Do you ever wonder why dogs react the way they do when you’re approaching them on the street? Why some dogs might growl or bark in certain situations, and in others, be friendly? Let me tell you a story and give you some suggestions about why.

Dogs have different personalities, respect their choices and their owners.
Communication with dogs and their owners is very important to be aware of.
Photo by kevin laminto on Unsplash

I once had an incident where someone decided it would be ‘funny’ to stop and stare at the dog I was walking. The man’s strange behavior caused a response that could have been avoided by looking away. Instead, the continued direct eye contact elicited a protective and very explosive reaction.

In most cases this isn’t a problem and the dog will move on, unconcerned.

This made me wonder, how many people truly know how to approach a strange dog? You’d like to think most dogs are friendly and have no issues with you approaching them. Most of the time you’re probably right. However, these days with fewer people training, and more dogs coming from shelters with unknown pasts – you never know exactly what you might be walking up to. This isn’t saying that you should be wary of every dog, but pay more attention.

People vs Dogs – Communication

Most dogs avoid a direct gaze unless they're confident in themselves.
Most dogs avoid a direct gaze in their communication with strangers.
Photo by Victor Grabarczyk on Unsplash

People and dogs are as different as apples and oranges when it comes to communication. People like to smile, while dogs see this as a snarl, warning, or aggressive action. People like to meet face to face with eye contact – dogs see this as a direct challenge or a dominant action. There are many cases each year where humans are bitten by dogs – all because we sent the wrong signal. We may ignore the owner’s signals, or even the dog’s. Dogs may be man’s best friend, but they’re still instinctually animals.

The first thing when approaching a strange dog is to pay attention to the owner’s body language. Do they look comfortable? Usually, if the owner is relaxed, the dog is. If you approach a stranger that has a tight hold on the leash, doesn’t look comfortable, or is trying to avoid people, most likely the dog won’t be comfortable either. Always ask first before petting a strange dog. It goes a long way in making the owner comfortable which will make the dog comfortable.

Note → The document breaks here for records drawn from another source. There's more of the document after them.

lemma fps_expf_ln_linear:
  "fps_expf (fps_ln 1 oo (fps_const c * fps_X)) = 1 + fps_const c * fps_X"
proof -
  have exp1: "fps_exp (1::real) oo fps_ln 1 = 1 + fps_X"
  proof -
    have "fps_exp 1 oo fps_ln 1 = ((fps_exp 1 - 1) + 1) oo fps_inv (fps_exp (1::real) - 1)"
      by (simp add: fps_ln_fps_exp_inv)
    also have "\<dots> = fps_X + 1"
      by (simp only: fps_compose_add_distrib fps_compose_1) (simp add: fps_inv_right)
    finally show ?thesis by simp
  qed
  have "fps_expf (fps_ln 1 oo (fps_const c * fps_X)) = (1 + fps_X) oo (fps_const c * fps_X)"
    unfolding fps_expf_def by (simp add: fps_compose_assoc exp1)
  also have "\<dots> = 1 + fps_const c * fps_X"
    by (simp add: fps_compose_add_distrib)
  finally show ?thesis .
qed

lemma fps_expf_neg_ln_linear:
  "fps_expf (- (fps_ln 1 oo (fps_const (- a) * fps_X))) * (1 - fps_const a * fps_X) = 1"
proof -
  have "1 + fps_const (- a) * fps_X = 1 - fps_const a * fps_X"
    by (simp flip: fps_const_neg)
  moreover have "fps_expf (- (fps_ln 1 oo (fps_const (- a) * fps_X)))
      * fps_expf (fps_ln 1 oo (fps_const (- a) * fps_X)) = 1"
    by (rule fps_expf_uminus) simp
  ultimately show ?thesis
    unfolding fps_expf_ln_linear by simp
qed

lemma fps_ln_linear_nth:
  "(fps_ln 1 oo (fps_const a * fps_X)) $ Suc n = - ((- a) ^ Suc n) / real (Suc n)"
  by (simp add: fps_compose_linear fps_ln_nth flip: power_mult_distrib)

lemma fps_const_prod: "fps_const (\<Prod>b\<in>S. f b) = (\<Prod>b\<in>S. fps_const (f b))"
  by (induction S rule: infinite_finite_induct) (simp_all flip: fps_const_mult)

lemma one_plus_linear_compose_uminus:
  "(1 + fps_const (a :: real) * fps_X) oo - fps_X = 1 - fps_const a * fps_X"
  by (simp add: fps_compose_add_distrib fps_compose_mult_distrib)

lemma fps_deriv_monom:
  "fps_deriv (fps_const (a :: real) * fps_X ^ Suc k) = fps_const (a * of_nat (Suc k)) * fps_X ^ k"
  by (simp only: fps_eq_iff fps_deriv_nth fps_mult_left_const_nth fps_X_power_nth)
     (auto simp: algebra_simps)

lemma fps_series_monomials: "fps_series (\<lambda>k. fps_const (f k) * fps_X ^ k) = Abs_fps f"
  by (simp add: fps_series_def fps_eq_iff fps_X_power_mult_nth if_distrib sum.delta' cong: if_cong)

definition complete_hom :: "('a \<Rightarrow> real) \<Rightarrow> 'a set \<Rightarrow> nat \<Rightarrow> real" where
  "complete_hom w B k = (\<Sum>M\<in>{M. set_mset M \<subseteq> B \<and> size M = k}. \<Prod>b\<in>#M. w b)"

definition elem_sym :: "('a \<Rightarrow> real) \<Rightarrow> 'a set \<Rightarrow> nat \<Rightarrow> real" where
  "elem_sym w B k = (\<Sum>S\<in>{S. S \<subseteq> B \<and> card S = k}. \<Prod>b\<in>S. w b)"

lemma complete_hom_0 [simp]: "complete_hom w B 0 = 1"
proof -
  have "{M. set_mset M \<subseteq> B \<and> size M = 0} = {{#}}" by auto
  then show ?thesis by (simp add: complete_hom_def)
qed

lemma complete_hom_empty_Suc [simp]: "complete_hom w {} (Suc k) = 0"
  by (simp add: complete_hom_def)

lemma multisets_of_size_insert:
  "{M. set_mset M \<subseteq> insert a B \<and> size M = Suc k}
     = {M. set_mset M \<subseteq> B \<and> size M = Suc k}
       \<union> add_mset a ` {M. set_mset M \<subseteq> insert a B \<and> size M = k}"
proof (intro equalityI subsetI)
  fix M assume M: "M \<in> {M. set_mset M \<subseteq> insert a B \<and> size M = Suc k}"
  show "M \<in> {M. set_mset M \<subseteq> B \<and> size M = Suc k}
       \<union> add_mset a ` {M. set_mset M \<subseteq> insert a B \<and> size M = k}"
  proof (cases "a \<in># M")
    case True
    then have "M = add_mset a (M - {#a#})" by simp
    moreover have "set_mset (M - {#a#}) \<subseteq> insert a B" "size (M - {#a#}) = k"
      using M True by (auto simp: size_Diff_singleton dest: in_diffD)
    ultimately show ?thesis by blast
  next
    case False then show ?thesis using M by auto
  qed
qed auto

lemma complete_hom_insert:
  assumes "finite B" "a \<notin> B"
  shows "complete_hom w (insert a B) (Suc k) = complete_hom w B (Suc k) + w a * complete_hom w (insert a B) k"
proof -
  have fin: "finite {M. set_mset M \<subseteq> C \<and> size M = n}" if "finite C" for C :: "'a set" and n
    using finite_multisets_of_size[OF that, of n] by (simp add: multisets_of_size_def)
  have "(\<Sum>M\<in>add_mset a ` {M. set_mset M \<subseteq> insert a B \<and> size M = k}. \<Prod>b\<in>#M. w b)
      = w a * complete_hom w (insert a B) k"
    by (subst sum.reindex) (auto simp: inj_on_def complete_hom_def sum_distrib_left)
  moreover have "{M. set_mset M \<subseteq> B \<and> size M = Suc k}
      \<inter> add_mset a ` {M. set_mset M \<subseteq> insert a B \<and> size M = k} = {}"
    using assms(2) by auto
  ultimately show ?thesis
    using assms(1) fin unfolding complete_hom_def multisets_of_size_insert
    by (simp add: sum.union_disjoint)
qed

lemma complete_hom_fps:
  "finite B \<Longrightarrow> Abs_fps (complete_hom w B) * (\<Prod>b\<in>B. 1 - fps_const (w b) * fps_X) = 1"
proof (induction B rule: finite_induct)
  case empty
  have "Abs_fps (complete_hom w {}) $ n = (1 :: real fps) $ n" for n
    by (cases n) simp_all
  then show ?case by (simp add: fps_eq_iff)
next
  case (insert a B)
  have "Abs_fps (complete_hom w (insert a B)) * (1 - fps_const (w a) * fps_X)
      = Abs_fps (complete_hom w B)"
  proof (rule fps_ext)
    fix n
    have "Abs_fps (complete_hom w (insert a B)) * (1 - fps_const (w a) * fps_X) =
       Abs_fps (complete_hom w (insert a B)) - fps_const (w a) * (fps_X * Abs_fps (complete_hom w (insert a B)))"
      by (simp add: algebra_simps)
    then show "(Abs_fps (complete_hom w (insert a B)) * (1 - fps_const (w a) * fps_X)) $ n
        = Abs_fps (complete_hom w B) $ n"
      by (cases n) (simp_all add: complete_hom_insert insert.hyps fps_X_mult_nth)
  qed
  with insert show ?case by (simp add: mult.assoc[symmetric])
qed

lemma elem_sym_fps:
  assumes "finite B"
  shows "Abs_fps (elem_sym w B) = (\<Prod>b\<in>B. 1 + fps_const (w b) * fps_X)"
proof (rule fps_ext)
  fix n
  have "(\<Prod>b\<in>B. 1 + fps_const (w b) * fps_X) = (\<Prod>b\<in>B. fps_const (w b) * fps_X + 1)"
    by (simp add: add.commute)
  also have "\<dots> = (\<Sum>S\<in>Pow B. fps_const (\<Prod>b\<in>S. w b) * fps_X ^ card S)"
    using assms by (simp add: prod_add prod.distrib fps_const_prod)
  finally have "(\<Prod>b\<in>B. 1 + fps_const (w b) * fps_X)
      = (\<Sum>S\<in>Pow B. fps_const (\<Prod>b\<in>S. w b) * fps_X ^ card S)" .
  then have "(\<Prod>b\<in>B. 1 + fps_const (w b) * fps_X) $ n
      = (\<Sum>S\<in>Pow B. if card S = n then \<Prod>b\<in>S. w b else 0)"
    by (simp add: fps_sum_nth eq_commute[of n] if_distrib cong: if_cong)
  also have "\<dots> = elem_sym w B n"
    using assms by (simp add: sum.If_cases elem_sym_def Int_def)
  finally show "Abs_fps (elem_sym w B) $ n = (\<Prod>b\<in>B. 1 + fps_const (w b) * fps_X) $ n"
    by simp
qed

lemma boxes_eq_Sigma: "boxes xs = Sigma {1..length xs} (\<lambda>i. {1..part_nth xs i})"
  by (auto simp: boxes_def part_nth_def split: if_splits)

lemma finite_boxes: "finite (boxes xs)"
  unfolding boxes_eq_Sigma by auto

lemma card_boxes: "real (card (boxes xs)) = energy xs"
proof -
  have "card (boxes xs) = (\<Sum>i=1..length xs. part_nth xs i)"
    unfolding boxes_eq_Sigma by (simp add: card_SigmaI)
  also have "\<dots> = (\<Sum>i<length xs. xs ! i)"
    by (simp add: sum.atLeast1_atMost_eq part_nth_def)
  also have "\<dots> = sum_list xs"
    by (simp add: sum_list_sum_nth atLeast0LessThan)
  finally show ?thesis by (simp add: energy_def)
qed

lemma h_cr_eq_complete_hom: "h_cr xs = complete_hom content (boxes xs)"
  by (simp add: fun_eq_iff h_cr_def complete_hom_def)

lemma sigma_cr_eq_elem_sym: "sigma_cr xs = elem_sym content (boxes xs)"
  by (simp add: fun_eq_iff sigma_cr_def elem_sym_def)

lemma zeta_fps_mult_exp: "zeta_fps * fps_exp a = fps_exp (a + 1/2) - fps_exp (a - 1/2)"
proof -
  have "fps_exp (a - 1/2) = fps_exp a * fps_exp (- (1/2))"
    by (simp flip: fps_exp_add_mult)
  then show ?thesis
    unfolding zeta_fps_def by (simp add: fps_exp_add_mult algebra_simps)
qed

lemma zeta_fps_nonzero: "zeta_fps \<noteq> 0"
proof
  assume "zeta_fps = 0"
  then have "zeta_fps $ 1 = 0" by simp
  then show False unfolding zeta_fps_def by simp
qed

lemma zeta_fps_mult_row_sum:
  "zeta_fps * (\<Sum>j=1..m. fps_exp (real j - real i))
     = fps_exp (real m - real i + 1/2) - fps_exp (- real i + 1/2)"
  by (induction m) (simp_all add: distrib_left zeta_fps_mult_exp algebra_simps)

lemma casimir0_eq: "casimir0 xs = zeta_fps * (\<Sum>b\<in>boxes xs. fps_exp (content b))"
proof -
  have "casimir0 xs = (\<Sum>i=1..length xs. zeta_fps * (\<Sum>j=1..part_nth xs i. fps_exp (real j - real i)))"
    unfolding casimir0_def zeta_fps_mult_row_sum ..
  also have "\<dots> = zeta_fps * (\<Sum>b\<in>boxes xs. fps_exp (content b))"
    unfolding boxes_eq_Sigma sum_distrib_left[symmetric]
    by (simp add: sum.Sigma content_def case_prod_unfold)
  finally show ?thesis .
qed

lemma F_ser_eq: "F_ser xs = (\<Sum>b\<in>boxes xs. fps_exp (content b)) - fps_const (real (card (boxes xs)))"
  unfolding F_ser_def casimir0_eq card_boxes using zeta_fps_nonzero by simp

lemma Dp_eq_F_ser: "Dp xs = F_ser xs"
proof (rule fps_ext)
  fix k
  show "Dp xs $ k = F_ser xs $ k"
    by (cases k) (simp_all add: F_ser_eq Dp_def fps_sum_nth p_cr_def sum_divide_distrib algebra_simps)
qed

lemma F_ser_nth_Suc: "F_ser xs $ Suc n = p_cr xs (Suc n) / fact (Suc n)"
  by (simp flip: Dp_eq_F_ser add: Dp_def)

lemma zdz_pow_log_Suc: "zdz_pow_log c (Suc k) = fps_const (c ^ Suc k * fact k) * fps_X ^ Suc k"
proof (induction k)
  case (Suc k)
  have "zdz_pow_log c (Suc (Suc k)) = zdz c (zdz_pow_log c (Suc k))"
    by (simp add: zdz_pow_log_def)
  also have "\<dots> = (fps_const c * fps_const (c ^ Suc k * fact k * of_nat (Suc k))) * (fps_X ^ 2 * fps_X ^ k)"
    unfolding Suc zdz_def fps_deriv_monom by (simp only: mult_ac)
  also have "\<dots> = fps_const (c ^ Suc (Suc k) * fact (Suc k)) * fps_X ^ Suc (Suc k)"
    by (simp only: fps_const_mult power_add[symmetric]) (simp add: algebra_simps)
  finally show ?case .
qed (simp add: zdz_pow_log_def)

lemma log_series_eq:
  "fps_series (\<lambda>k. if k = 0 then 0 else fps_const (F_ser xs $ k) * zdz_pow_log c k)
     = - (\<Sum>b\<in>boxes xs. fps_ln 1 oo (fps_const (- (c * content b)) * fps_X))"
proof -
  have "(if k = 0 then 0 else fps_const (F_ser xs $ k) * zdz_pow_log c k)
      = fps_const (if k = 0 then 0 else F_ser xs $ k * c ^ k * fact (k - 1)) * fps_X ^ k" for k
    by (cases k) (simp_all add: zdz_pow_log_Suc mult.assoc flip: fps_const_mult)
  then have "fps_series (\<lambda>k. if k = 0 then 0 else fps_const (F_ser xs $ k) * zdz_pow_log c k)
      = Abs_fps (\<lambda>k. if k = 0 then 0 else F_ser xs $ k * c ^ k * fact (k - 1))"
    by (simp add: fps_series_monomials)
  also have "\<dots> = - (\<Sum>b\<in>boxes xs. fps_ln 1 oo (fps_const (- (c * content b)) * fps_X))"
  proof (rule fps_ext)
    fix n
    show "Abs_fps (\<lambda>k. if k = 0 then 0 else F_ser xs $ k * c ^ k * fact (k - 1)) $ n
        = (- (\<Sum>b\<in>boxes xs. fps_ln 1 oo (fps_const (- (c * content b)) * fps_X))) $ n"
    proof (cases n)
      case (Suc m)
      have "(- (\<Sum>b\<in>boxes xs. fps_ln 1 oo (fps_const (- (c * content b)) * fps_X))) $ n
          = c ^ n * p_cr xs n / n"
        unfolding Suc fps_neg_nth fps_sum_nth fps_ln_linear_nth
        by (simp add: p_cr_def power_mult_distrib sum_distrib_left sum_divide_distrib sum_negf mult_ac)
      moreover have "fact n = real n * fact m"
        using Suc by simp
      ultimately show ?thesis
        using Suc by (simp add: F_ser_nth_Suc)
    qed (simp add: fps_sum_nth)
  qed
  finally show ?thesis .
qed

Before you pet any dog, always be mindful that there are certain ways to approach a dog. A stranger should never run-up to a dog, crouch down to meet their eyes, or pet them on the top of the head. The best way to communicate to the dog that you’re not a threat is to allow the dog to sniff the back of your hand while you speak with the owner. If the dog nudges your hand or seems to be friendly to the attention, then pet them along either the side, under the chin, or on the chest. If they back away or seem uninterested, then give the dog their space and do not start any contact.

People vs Dogs – Breeds and Communication

Most guardian breed dogs such as the mastiff can be aloof when being greeted.
Communication between owners and guardian dogs is important to be aware of.
Photo by Valerie Elash on Unsplash

A dog’s breed can also be used along with their own communication to determine if a dog may be receptive to a greeting or not. Guardian breeds bond closely with their owners and watch strangers closely. These dogs will often be aloof towards you while watching their owner for communication that they have accepted you. Once they see this acceptance, the dog may be more receptive. This is where offering the back of your hand comes in to play. Friendly, casual talk with the owner gives the dog time to make its own decision on whether it wants to say ‘hi.’

Most hunting and gundog breeds are bred to be receptive and biddable with people. These dogs are often open, if not exuberant, about meeting strange people. With these dogs, you may see an excited wag that shows they’re more than happy to say hello! But always defer to the owner as they may not want your greeting to encourage their overly friendly behavior as part of the dog’s training.

People vs Dogs – Always Pay Attention!

Not all dogs, even some more anxious labs, are social butterflies.
Not all dogs, even some more anxious labs, are social butterflies.
Photo by Noémi Macavei-Katócz on Unsplash

While we hope that all dogs are lovely social butterflies that love everyone, there may be one that just isn’t. Always ask for the owner’s permission before you interact, approach strange dogs in a calm and low key manner, and respect the body language and communication of the dog and the owner. If you follow some of these basic rules of communication, you’ll have a more enjoyable time with the dogs you’ll meet on the street!